3. More and more of my belongings are being transported to the new place! I think I’ll be ready to get over there when the time comes. Which is good, because that time is Saturday.
1. One of the big news stories from this week is about how scientists have been developing the darkest black known to man, which only allows .035% of light to escape. That’s pretty black.
Really, I think we’re just one step closer to Hooloovoo, a hyper-intelligent shade of the color blue.
2. My buddy Zach and I (a part of The Local Historians) played a really neat open mic night at this place called The Uncommon Ground tonight. I thought we played pretty well, and got some great feedback.
I think it’s going to be fun to continue to go to those in the future.
3. There don’t seem to be enough hours in the day! I need more time.

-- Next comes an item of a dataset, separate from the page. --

(* For each $\vec a\in\mathcal M$, the multiplication $\vec\xi_1\circ\vec\xi_2=\eta\big(\eta^{-1}(\vec\xi_1)\circ\eta^{-1}(\vec\xi_2)\big)$ on $T_{\vec a}\mathcal M$ is commutative, associative, and invariant with respect to the metric $\langle\,,\rangle_\eta$, i.e. $\langle\vec\xi_1\circ\vec\xi_2,\vec\xi_3\rangle_\eta=\langle\vec\xi_1,\vec\xi_2\circ\vec\xi_3\rangle_\eta$.
   Context: Fix $m\ge1$, positive integers $n_0,\dots,n_m$, nonzero integers $d_1,\dots,d_m$; $D_1,\dots,D_m\subset\mathbb C$ pairwise disjoint closed disks, $\gamma_i=\partial D_i$ positively oriented, $\mathbf D^{int}=\bigcup(D_i\setminus\gamma_i)$, $\mathbf D^{ext}=\mathbb P^1\setminus\bigcup D_i$; $\mathcal H$ = germs of functions holomorphic near $\bigcup\gamma_i$; $f=f_++f_-$ with $f_+(z)=\frac1{2\pi\mathrm i}\sum_s\oint_{\gamma_s}\frac{f(p)}{p-z}dp$ ($z\in\mathbf D^{int}$), $f_-(z)=-\frac1{2\pi\mathrm i}\sum_s\oint_{\gamma_s}\frac{f(p)}{p-z}dp$ ($z\in\mathbf D^{ext}$), $f_-(\infty)=0$. $\mathcal M$: pairs $\vec a=(a,\hat a)\in\mathcal H\times\mathcal H$ with $a$ meromorphic on $\mathbf D^{ext}$, only pole $\infty$, $a=z^{n_0}+a_{n_0-2}z^{n_0-2}+\cdots$; $\hat a$ meromorphic on $\mathbf D^{int}$, only poles $\varphi_j\in D_j\setminus\gamma_j$, $\hat a=\hat a_{j,-n_j}(z-\varphi_j)^{-n_j}+\cdots$, $\hat a_{j,-n_j}\ne0$; $\zeta=a-\hat a=w_j^{d_j}$ on $\gamma_j$ with $w_j$ holomorphic near $\gamma_j$, $w_j'\ne0$, $w_j(\gamma_j)$ winding once about $0$. Tangent vectors $X\leftrightarrow(\partial_Xa,\partial_X\hat a)$; $\ell=a_++\hat a_-$; $'=\partial_z$. Metric $\langle X_1,X_2\rangle_\eta=-\frac1{2\pi\mathrm i}\sum_j\oint_{\gamma_j}\frac{\partial_1\zeta\partial_2\zeta}{\zeta'}dz-(\operatorname{Res}_\infty+\sum_j\operatorname{Res}_{\varphi_j})\frac{\partial_1\ell\partial_2\ell}{\ell'}dz$. The linear map $\eta:\mathcal H\times\mathcal H\to T_{\vec a}\mathcal M$ is $\eta(\omega,\hat\omega)=(a'(\omega+\hat\omega)_--(\omega a'+\hat\omega\hat a')_-,\,-\hat a'(\omega+\hat\omega)_++(\omega a'+\hat\omega\hat a')_+)$ (it is surjective), and the cotangent space is $T^*_{\vec a}\mathcal M=(\mathcal H\times\mathcal H)/\ker\eta$, so $\eta^{-1}:T_{\vec a}\mathcal M\to T^*_{\vec a}\mathcal M$. The product on $T^*_{\vec a}\mathcal M$ is induced from the product on $\mathcal H\times\mathcal H$: $(\omega_1,\hat\omega_1)\circ(\omega_2,\hat\omega_2)=(\omega_2(\omega_1a')_+-\omega_1(\omega_2a')_--\omega_2(\hat\omega_1\hat a')_--\omega_1(\hat\omega_2\hat a')_-,\ \hat\omega_2(\hat\omega_1\hat a')_+-\hat\omega_1(\hat\omega_2\hat a')_-+\hat\omega_1(\omega_2a')_++\hat\omega_2(\omega_1a')_+)$, which is well defined on the quotient. *)

theory Defs
  imports "HOL-Complex_Analysis.Complex_Analysis"
begin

4. I’m trying really hard to be motivated about writing here, but I’ve just got so many exciting things going on in other parts of my life that they’re all I can think about!
1. 11 miles today.
And it was relatively easy. In fact, even the last mile felt great. I think I’m on the fast track to success. Especially considering I ran 11 miles this week faster than I ran 10 miles last week. That was pretty cool. I never expect myself to do better than 10:00 miles as a rule, but most of the time, that happens anyway.
It’s strange to think that 6 months ago it was a real struggle to run for 20 minutes in one stretch, but now I can pretty well run for 2 hours and not be any worse for the wear.
It did start pouring rain when I was 9 miles in. That was less than pleasant. But I think it actually might have kicked me into overdrive and helped me run better for the last 2 miles.
Again, I could have gone farther today, but I didn’t. Self control.
2. I don’t know why, but it’s always really awkward to run into people I know in out-of-context places. I never feel quite right saying hi, no matter how much I feel I’d like to.
3. I need to figure out a way to spend less money. My budgeting skills are doing fine; I’m staying well within my means, but I feel like I could be doing things a little bit better.